唯一絶対の神を信じる宗教は、他者に不寛容だ。例えば、古代中近東は唯一絶対の神を信じる社会であり、ユダヤ教、キリスト教、イスラム教は、同じ絶対神をあがめたが、布教内容や教典は違った。ただそれだけの違いで、憎みあい、殺しあった。こういった宗教は、異教徒は教化すべき敵だが、内部の分派は殺すべき敵だ。カソリックとプロテスタント、シーア派とスンニ派は、陰惨な争いを繰り広げた。
日本は無宗教ではないかといわれることもある。実は世界の大きな宗教の中で、無神論は儒教ぐらいだろう。儒教は「怪力乱神を語らず。」。つまり、神は存在しないという立場だ。神がいなければ、人間が最高の存在となる。そして、人間というのは、不平等に生まれつき、才能も違っているのが当たり前だ。優れた人間というものがあり、そういった人間がそうでない人間を指導するのが、自然だということになる。そして、一旦権力を握れば、社会の階級を固定して立場を守ることになる。神を認めれば、神と人間は隔絶した存在であり、人間の出来の違いなど些細な相違と考えられる。人間は平等な存在だと考えやすい。

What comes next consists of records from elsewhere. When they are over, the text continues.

definition swap_pairs :: "nat \<Rightarrow> nat \<Rightarrow> (nat set \<times> nat \<times> nat) set" where
  "swap_pairs N k = Sigma (configurations N k) (\<lambda>x. x \<times> ({..<N} - x))"

lemma finite_configurations: "finite (configurations N k)"
  unfolding configurations_def by (rule finite_subset[of _ "Pow {..<N}"]) auto

lemma configurations_nonempty: "k \<le> N \<Longrightarrow> configurations N k \<noteq> {}"
  unfolding configurations_def by (auto intro!: exI[of _ "{..<k}"])

lemma card_swap_pairs: "card (swap_pairs N k) = card (configurations N k) * (k * (N - k))"
proof -
  have "card (x \<times> ({..<N} - x)) = k * (N - k)" if "x \<in> configurations N k" for x
    using that finite_subset[of x "{..<N}"]
    by (auto simp: configurations_def card_cartesian_product card_Diff_subset)
  thus ?thesis
    unfolding swap_pairs_def using finite_configurations
    by (subst card_SigmaI) (auto simp: configurations_def intro: finite_subset)
qed

lemma swap_pairs_swap_coin:
  assumes "(x, a, j) \<in> swap_pairs N k"
  shows "(swap_coin x a j, j, a) \<in> swap_pairs N k" "swap_coin (swap_coin x a j) j a = x"
  using assms swap_coin_props[of x N a j] by (auto simp: swap_pairs_def configurations_def)

lemma sum_swap_pairs_swap_coin:
  "(\<Sum>(x, a, j)\<in>swap_pairs N k. f (swap_coin x a j) j a) = (\<Sum>(x, a, j)\<in>swap_pairs N k. f x a j)"
  by (rule sum.reindex_bij_witness[where i="\<lambda>(x, a, j). (swap_coin x a j, j, a)"
                                      and j="\<lambda>(x, a, j). (swap_coin x a j, j, a)"])
     (auto dest: swap_pairs_swap_coin)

日本も儒教の影響を受けはした。しかし、無神論にはならなかった。仏教と古来からの八百万の神を信じ、天皇を長とする神道があったからだ。唯一絶対神を信じる社会の、他宗教への過激さもなく、無神論の人間絶対主義もない。そんな日本の宗教観は、穏やかな循環社会に向いていると思ったんだ。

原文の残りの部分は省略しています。